# General Natynczyk Visits Poland



## tomahawk6 (16 Sep 2008)




----------



## Nfld Sapper (16 Sep 2008)

Interesting salute those Pols have, looks more like a Boys Scout salute.


----------



## Snafu-Bar (16 Sep 2008)

Or they are showing how much they enjoy parades by feigning the pistol posture.  > bullets, instructions and life insurance not included...much assembly required.



Cheers.


----------



## TN2IC (16 Sep 2008)

Snafu-Bar said:
			
		

> Or they are showing how much they enjoy parades by feigning the pistol posture.  > bullets, instructions and life insurance not included...much assembly required.
> 
> 
> 
> Cheers.





Okay.. you owe me a new keyboard... that was priceless!  :rofl:


----------



## brihard (16 Sep 2008)

Snafu-Bar said:
			
		

> Or they are showing how much they enjoy parades by feigning the pistol posture.  > bullets, instructions and life insurance not included...much assembly required.
> 
> 
> 
> Cheers.



Oh man, that brings me back to my summers at Ceremonial Guard.  ;D Plenty of days I wouldn't have minded a nine-mil pill.


----------



## davidk (16 Sep 2008)

What caught my interest was how the troops on parade turn their heads to watch him pass. Eastern European drill always intrigues me.



			
				Brihard said:
			
		

> Oh man, that brings me back to my summers at Ceremonial Guard.  ;D Plenty of days I wouldn't have minded a nine-mil pill.



Don't get me started...


----------



## genesis98 (16 Sep 2008)

Somebody forgot to give the Size command and left the Shortest on the left and tallest on the right.


----------



## dimsum (16 Sep 2008)

Snazzy hats on the khaki-uniformed personnel.  Almost reminds me of a graduation hat plus a brim.


----------



## MarkOttawa (16 Sep 2008)

No need to be too snarky.  Remember the Poles have over 1,000 troops in RC East with a combat/combat mission (unlike some other important ISAF members):
http://afp.google.com/article/ALeqM5giVMLfuL10maBibx_a2N0-rN2nPw
http://toyoufromfailinghands.blogspot.com/2008/05/afstan-poles-to-take-over-in-ghazni.html

And they're helping us with helicopters at Kandahar:
http://www.cbc.ca/canada/story/2008/06/06/poland-helicopters.html

Good reasons to visit.

Mark
Ottawa


----------



## Fishbone Jones (16 Sep 2008)

NFLD Sapper said:
			
		

> Interesting salute those Pols have, looks more like a Boys Scout salute.
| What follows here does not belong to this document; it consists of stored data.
lemma kernel_iterate_deficit_near_right_end:
  fixes k :: nat and s :: real
  assumes \<eta>: "\<eta> > 0" "\<And>t. \<bar>t\<bar> \<le> 2 * s \<Longrightarrow> \<eta> \<le> J t"
    and s: "s > 0" and k: "1 \<le> k" "k * s \<le> L2 - L1"
  obtains \<epsilon> where "\<epsilon> > 0" and "\<And>x. x \<in> {L1..L2} \<Longrightarrow> L2 - k * s \<le> x \<Longrightarrow> (A ^^ k) (\<lambda>_. 1) x \<le> 1 - \<epsilon>"
  using k
proof (induction k arbitrary: thesis rule: nat_induct_at_least)
  case base
  have "A (\<lambda>_. 1) x \<le> 1 - s * \<eta>" if "x \<in> {L1..L2}" "L2 - s \<le> x" for x
    using that s by (intro kernel_op_one_deficit \<eta>(2)) auto
  then show ?case
    using base(1)[of "s * \<eta>"] s \<eta> by simp
next
  case (Suc k)
  have "k * s \<le> L2 - L1"
    using Suc.prems(2) s by (simp add: algebra_simps)
  then obtain \<epsilon> where "\<epsilon> > 0"
    and \<epsilon>: "\<And>y. y \<in> {L1..L2} \<Longrightarrow> L2 - k * s \<le> y \<Longrightarrow> (A ^^ k) (\<lambda>_. 1) y \<le> 1 - \<epsilon>"
    using Suc.IH by blast
  have "(A ^^ Suc k) (\<lambda>_. 1) x \<le> 1 - s * (\<eta> * \<epsilon>)" if "x \<in> {L1..L2}" "L2 - Suc k * s \<le> x" for x
    using \<eta> s Suc.hyps Suc.prems(2) \<open>\<epsilon> > 0\<close> \<epsilon> that by (intro kernel_iterate_deficit_step) auto
  then show ?case
    using Suc.prems(1)[of "s * (\<eta> * \<epsilon>)"] s \<eta> \<open>\<epsilon> > 0\<close> by simp
qed

lemma kernel_iterate_deficit:
  obtains K \<epsilon> where "K \<ge> 1" "\<epsilon> > 0" and "\<And>x. x \<in> {L1..L2} \<Longrightarrow> (A ^^ K) (\<lambda>_. 1) x \<le> 1 - \<epsilon>"
proof -
  obtain \<eta> \<delta> where \<eta>: "\<eta> > 0" "\<delta> > 0" "\<And>t. \<bar>t\<bar> \<le> \<delta> \<Longrightarrow> \<eta> \<le> J t"
    by (rule J_ge_near_0) blast
  obtain K :: nat where K: "2 * (L2 - L1) / \<delta> < K"
    using reals_Archimedean2 by blast
  moreover have "0 < 2 * (L2 - L1) / \<delta>"
    using interval \<eta>(2) by simp
  ultimately have "K \<ge> 1"
    by simp
  define s where "s = (L2 - L1) / K"
  have s: "s > 0" "K * s = L2 - L1" "2 * s \<le> \<delta>"
    using \<open>K \<ge> 1\<close> interval K \<eta>(2) by (auto simp: s_def field_simps)
  obtain \<epsilon> where "\<epsilon> > 0" "\<And>x. x \<in> {L1..L2} \<Longrightarrow> L2 - K * s \<le> x \<Longrightarrow> (A ^^ K) (\<lambda>_. 1) x \<le> 1 - \<epsilon>"
    by (rule kernel_iterate_deficit_near_right_end[of \<eta> s K])
      (use \<eta> s \<open>K \<ge> 1\<close> in \<open>auto intro!: \<eta>(3)\<close>)
  then show ?thesis
    using that \<open>K \<ge> 1\<close> s by auto
qed

lemma strict_subeigenfunction:
  obtains g r M where "continuous_on {L1..L2} g" "r < 1"
    and "\<And>x. x \<in> {L1..L2} \<Longrightarrow> 1 \<le> g x \<and> g x \<le> M \<and> A g x \<le> r * g x"
proof -
  obtain K \<epsilon> where "K \<ge> 1" "\<epsilon> > 0" and \<epsilon>: "\<And>x. x \<in> {L1..L2} \<Longrightarrow> (A ^^ K) (\<lambda>_. 1) x \<le> 1 - \<epsilon>"
    by (rule kernel_iterate_deficit) blast
  define g where "g y = (\<Sum>k<K. (A ^^ k) (\<lambda>_. 1) y)" for y
  have g_cont: "continuous_on {L1..L2} g"
    unfolding g_def using continuous_on_kernel_iterate by (intro continuous_on_sum) auto
  obtain m where m: "K = Suc m"
    using \<open>K \<ge> 1\<close> by (cases K) auto
  have g_split: "g y = 1 + (\<Sum>k<m. (A ^^ Suc k) (\<lambda>_. 1) y)" for y
    unfolding g_def m sum.lessThan_Suc_shift by simp
  have g_bounds: "1 \<le> g y \<and> g y \<le> K" for y
  proof -
    have "0 \<le> (\<Sum>k<m. (A ^^ Suc k) (\<lambda>_. 1) y)"
      by (rule sum_nonneg) (use kernel_iterate_bounds in blast)
    moreover have "(\<Sum>k<m. (A ^^ Suc k) (\<lambda>_. 1) y) \<le> (\<Sum>k<m. 1)"
      by (rule sum_mono) (use kernel_iterate_bounds in blast)
    ultimately show ?thesis
      unfolding g_split m by simp
  qed
  have "A g x = (\<Sum>k<K. (A ^^ Suc k) (\<lambda>_. 1) x)" for x
    unfolding g_def using continuous_on_kernel_iterate by (simp add: kernel_op_sum)
  also have "(\<Sum>k<K. (A ^^ Suc k) (\<lambda>_. 1) x)
      = (\<Sum>k<m. (A ^^ Suc k) (\<lambda>_. 1) x) + (A ^^ K) (\<lambda>_. 1) x" for x
    unfolding m by (simp only: sum.lessThan_Suc)
  finally have Ag: "A g x = g x - 1 + (A ^^ K) (\<lambda>_. 1) x" for x
    using g_split[of x] by simp
  show ?thesis
  proof (rule that[of g "1 - \<epsilon> / K" K])
    fix x assume x: "x \<in> {L1..L2}"
    have "A g x \<le> g x - \<epsilon>"
      using Ag \<epsilon>[OF x] by simp
    also have "\<dots> \<le> (1 - \<epsilon> / K) * g x"
      using g_bounds[of x] \<open>\<epsilon> > 0\<close> \<open>K \<ge> 1\<close> by (simp add: field_simps mult_left_mono)
    finally show "1 \<le> g x \<and> g x \<le> K \<and> A g x \<le> (1 - \<epsilon> / K) * g x"
      using g_bounds by simp
  qed (use g_cont \<open>\<epsilon> > 0\<close> \<open>K \<ge> 1\<close> in auto)
qed

lemma kernel_form_le:
  obtains r where "r < 1"
    and "\<And>\<psi>. continuous_on {L1..L2} \<psi> \<Longrightarrow>
      integral {L1..L2} (\<lambda>x. \<psi> x * A \<psi> x) \<le> r * integral {L1..L2} (\<lambda>x. (\<psi> x)\<^sup>2)"
proof -
  obtain g r M where g: "continuous_on {L1..L2} g" "r < 1"
    "\<And>x. x \<in> {L1..L2} \<Longrightarrow> 1 \<le> g x \<and> g x \<le> M \<and> A g x \<le> r * g x"
    by (rule strict_subeigenfunction) blast
  show ?thesis
  proof (rule that[OF g(2)])
    fix \<psi> :: "real \<Rightarrow> real"
    assume \<psi>: "continuous_on {L1..L2} \<psi>"
    have "integral {L1..L2} (\<lambda>x. \<psi> x * A \<psi> x) \<le> integral {L1..L2} (\<lambda>x. (\<psi> x)\<^sup>2 / g x * A g x)"
      using g by (intro picone_inequality \<psi>) force+
    also have "\<dots> \<le> integral {L1..L2} (\<lambda>x. r * (\<psi> x)\<^sup>2)"
    proof (rule integral_le)
      fix x assume x: "x \<in> {L1..L2}"
      have "(\<psi> x)\<^sup>2 / g x * A g x \<le> (\<psi> x)\<^sup>2 / g x * (r * g x)"
        using g(3)[OF x] by (intro mult_left_mono) auto
      also have "\<dots> = r * (\<psi> x)\<^sup>2"
        using g(3)[OF x] by simp
      finally show "(\<psi> x)\<^sup>2 / g x * A g x \<le> r * (\<psi> x)\<^sup>2" .
    qed (use \<psi> g in \<open>auto intro!: integrable_continuous_real continuous_intros dest: g(3)\<close>)
    finally show "integral {L1..L2} (\<lambda>x. \<psi> x * A \<psi> x) \<le> r * integral {L1..L2} (\<lambda>x. (\<psi> x)\<^sup>2)"
      by simp
  qed
qed

lemma kernel_form_expand:
  assumes u: "continuous_on {L1..L2} u" and w: "continuous_on {L1..L2} w"
  shows "integral {L1..L2} (\<lambda>x. (u x + t * w x) * A (\<lambda>y. u y + t * w y) x)
    = integral {L1..L2} (\<lambda>x. u x * A u x) + 2 * t * integral {L1..L2} (\<lambda>x. w x * A u x)
      + t\<^sup>2 * integral {L1..L2} (\<lambda>x. w x * A w x)"
proof -
  have "A (\<lambda>y. u y + t * w y) x = A u x + t * A w x" for x
    using u w by (subst kernel_op_add) (auto intro: continuous_intros simp: kernel_op_cmult)
  then have "integral {L1..L2} (\<lambda>x. (u x + t * w x) * A (\<lambda>y. u y + t * w y) x)
    = integral {L1..L2} (\<lambda>x. u x * A u x + (t * (u x * A w x) + t * (w x * A u x))
        + t\<^sup>2 * (w x * A w x))"
    by (simp add: algebra_simps power2_eq_square)
  also have "\<dots> = integral {L1..L2} (\<lambda>x. u x * A u x)
      + (t * integral {L1..L2} (\<lambda>x. u x * A w x) + t * integral {L1..L2} (\<lambda>x. w x * A u x))
      + t\<^sup>2 * integral {L1..L2} (\<lambda>x. w x * A w x)"
  proof -
    have int: "(\<lambda>x. u x * A u x) integrable_on {L1..L2}" "(\<lambda>x. t * (u x * A w x)) integrable_on {L1..L2}"
      "(\<lambda>x. t * (w x * A u x)) integrable_on {L1..L2}" "(\<lambda>x. t\<^sup>2 * (w x * A w x)) integrable_on {L1..L2}"
      using u w by (auto intro!: integrable_continuous_real continuous_intros)
    show ?thesis
      using int by (simp add: integral_add integrable_add)
  qed
  finally show ?thesis
    using kernel_op_symmetric[OF u w] by (simp add: algebra_simps)
qed

lemma kernel_form_abs_le:
  assumes "continuous_on {L1..L2} u"
  shows "\<bar>integral {L1..L2} (\<lambda>x. u x * A u x)\<bar> \<le> integral {L1..L2} (\<lambda>x. \<bar>u x\<bar> * A (\<lambda>y. \<bar>u y\<bar>) x)"
proof -
  have "norm (integral {L1..L2} (\<lambda>x. u x * A u x))
      \<le> integral {L1..L2} (\<lambda>x. \<bar>u x\<bar> * A (\<lambda>y. \<bar>u y\<bar>) x)"
  proof (rule integral_norm_bound_integral)
    show "norm (u x * A u x) \<le> \<bar>u x\<bar> * A (\<lambda>y. \<bar>u y\<bar>) x" for x
      using kernel_op_abs_le[OF assms, of x] by (simp add: abs_mult mult_left_mono)
  qed (use assms in \<open>auto intro!: integrable_continuous_real continuous_intros\<close>)
  then show ?thesis
    by simp
qed

end

section \<open>Positive supersolutions from a coercive quadratic form\<close>

lemma weighted_supersolution_sum_le:
  fixes c1 c2 W1 W2 p1 p2 q1 q2 s1 s2 :: real
  assumes "0 < p1" "0 < p2" "0 \<le> s1" "0 \<le> s2"
    and "c1 * q1 + p2 \<le> W1 * p1" "c2 * q2 + p1 \<le> W2 * p2"
  shows "c1 * (s1 / p1 * q1) + c2 * (s2 / p2 * q2) + (s1 * p2 / p1 + s2 * p1 / p2) \<le> W1 * s1 + W2 * s2"
proof -
  have "c1 * (s1 / p1 * q1) + c2 * (s2 / p2 * q2) + (s1 * p2 / p1 + s2 * p1 / p2)
      = s1 / p1 * (c1 * q1 + p2) + s2 / p2 * (c2 * q2 + p1)"
    by (simp add: algebra_simps)
  also have "\<dots> \<le> s1 / p1 * (W1 * p1) + s2 / p2 * (W2 * p2)"
    using assms by (intro add_mono mult_left_mono) auto
  also have "\<dots> = W1 * s1 + W2 * s2"
    using assms by simp
  finally show ?thesis .
qed

locale kernel_pair = k1: interval_kernel J1 L1 L2 + k2: interval_kernel J2 L1 L2
  for J1 J2 :: "real \<Rightarrow> real" and L1 L2 :: real
begin

definition positive_supersolution ::
    "real \<Rightarrow> real \<Rightarrow> real \<Rightarrow> real \<Rightarrow> (real \<Rightarrow> real) \<Rightarrow> (real \<Rightarrow> real) \<Rightarrow> bool" where
  "positive_supersolution c1 c2 W1 W2 \<phi>1 \<phi>2 \<longleftrightarrow>
     continuous_on {L1..L2} \<phi>1 \<and> continuous_on {L1..L2} \<phi>2 \<and>
     (\<forall>x\<in>{L1..L2}. 0 < \<phi>1 x \<and> 0 < \<phi>2 x \<and>
        c1 * k1.A \<phi>1 x + \<phi>2 x \<le> W1 * \<phi>1 x \<and> c2 * k2.A \<phi>2 x + \<phi>1 x \<le> W2 * \<phi>2 x)"

definition system_form :: "real \<Rightarrow> real \<Rightarrow> (real \<Rightarrow> real) \<Rightarrow> (real \<Rightarrow> real) \<Rightarrow> real" where
  "system_form c1 c2 u1 u2 =
     c1 * integral {L1..L2} (\<lambda>x. u1 x * k1.A u1 x) + c2 * integral {L1..L2} (\<lambda>x. u2 x * k2.A u2 x)
     + 2 * integral {L1..L2} (\<lambda>x. u1 x * u2 x)"

definition weighted_norm :: "real \<Rightarrow> real \<Rightarrow> (real \<Rightarrow> real) \<Rightarrow> (real \<Rightarrow> real) \<Rightarrow> real" where
  "weighted_norm W1 W2 u1 u2 =
     W1 * integral {L1..L2} (\<lambda>x. (u1 x)\<^sup>2) + W2 * integral {L1..L2} (\<lambda>x. (u2 x)\<^sup>2)"

lemma integral_square_nonneg:
  "continuous_on {L1..L2} u \<Longrightarrow> 0 \<le> integral {L1..L2} (\<lambda>x. (u x)\<^sup>2)" for u :: "real \<Rightarrow> real"
  by (rule integral_nonneg) (auto intro!: integrable_continuous_real continuous_intros)

lemma weighted_norm_mono:
  assumes "W1 \<le> V1" "W2 \<le> V2" "continuous_on {L1..L2} u1" "continuous_on {L1..L2} u2"
  shows "weighted_norm W1 W2 u1 u2 \<le> weighted_norm V1 V2 u1 u2"
  unfolding weighted_norm_def
  using assms integral_square_nonneg by (intro add_mono mult_right_mono) auto

lemma system_form_le_of_supersolution:
  assumes sup: "positive_supersolution c1 c2 W1 W2 \<phi>1 \<phi>2" and c: "c1 \<ge> 0" "c2 \<ge> 0"
    and u: "continuous_on {L1..L2} u1" "continuous_on {L1..L2} u2"
  shows "system_form c1 c2 u1 u2 \<le> weighted_norm W1 W2 u1 u2"
proof -
  note \<phi> = sup[unfolded positive_supersolution_def]
  have nz: "\<forall>x\<in>{L1..L2}. \<phi>1 x \<noteq> 0" "\<forall>x\<in>{L1..L2}. \<phi>2 x \<noteq> 0"
    using \<phi> by force+
  define p1 where "p1 x = (u1 x)\<^sup>2 / \<phi>1 x * k1.A \<phi>1 x" for x
  define p2 where "p2 x = (u2 x)\<^sup>2 / \<phi>2 x * k2.A \<phi>2 x" for x
  define p3 where "p3 x = (u1 x)\<^sup>2 * \<phi>2 x / \<phi>1 x + (u2 x)\<^sup>2 * \<phi>1 x / \<phi>2 x" for x
  have cont: "continuous_on {L1..L2} p1" "continuous_on {L1..L2} p2" "continuous_on {L1..L2} p3"
    unfolding p1_def p2_def p3_def using \<phi> u nz by (intro continuous_intros; simp)+
  have "integral {L1..L2} (\<lambda>x. 2 * (u1 x * u2 x)) \<le> integral {L1..L2} p3"
    unfolding p3_def using \<phi> u nz two_mult_le_weighted_squares
    by (intro integral_le integrable_continuous_real continuous_intros) auto
  then have "system_form c1 c2 u1 u2
      \<le> c1 * integral {L1..L2} p1 + c2 * integral {L1..L2} p2 + integral {L1..L2} p3"
    unfolding system_form_def p1_def p2_def using \<phi> u c
    by (intro add_mono mult_left_mono k1.picone_inequality k2.picone_inequality) auto
  also have "\<dots> = integral {L1..L2} (\<lambda>x. c1 * p1 x + c2 * p2 x + p3 x)"
    using cont[THEN integrable_continuous_real]
    by (simp add: integral_add integrable_add integrable_on_mult_right)
  also have "\<dots> \<le> integral {L1..L2} (\<lambda>x. W1 * (u1 x)\<^sup>2 + W2 * (u2 x)\<^sup>2)"
    using \<phi> unfolding p1_def p2_def p3_def
    by (intro integral_le weighted_supersolution_sum_le integrable_continuous_real)
      (use cont u in \<open>auto simp: p1_def p2_def p3_def intro!: continuous_intros\<close>)
  also have "\<dots> = weighted_norm W1 W2 u1 u2"
    unfolding weighted_norm_def using u
    by (simp add: integral_add integrable_continuous_real continuous_on_power integrable_on_mult_right)
  finally show ?thesis .
qed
Cub Scouts. Boy Scouts use three fingers.


----------



## MarkOttawa (16 Sep 2008)

recceguy: Please see post immediately above yours.

Mark
Ottawa


----------



## danchapps (16 Sep 2008)

MarkOttawa said:
			
		

> No need to be too snarky.  Remember the Poles have over 1,000 troops in RC East with a combat/combat mission (unlike some other important ISAF members)



Mark,

I think they kid in jest. I for one am thankful to see Poland help in effort. Not many people realize the long military history the Polish people have (not always good, but hard fought rest assured). It makes me glad of my Polish heritage to see them step up to the plate while other (ahem, already mentioned by you) don't. I do like the neat hats though.


----------



## Fishbone Jones (16 Sep 2008)

MarkOttawa said:
			
		

> recceguy: Please see post immediately above yours.
> 
> Mark
> Ottawa



I think you have to lighten up. I wasn't making comment on the Poles, but on the difference between the Cub Scout and Boy Scout salute. I don't mind being corrected, just make sure you know what your correcting me for first.

I've worked with Poles and have the utmost respect for them.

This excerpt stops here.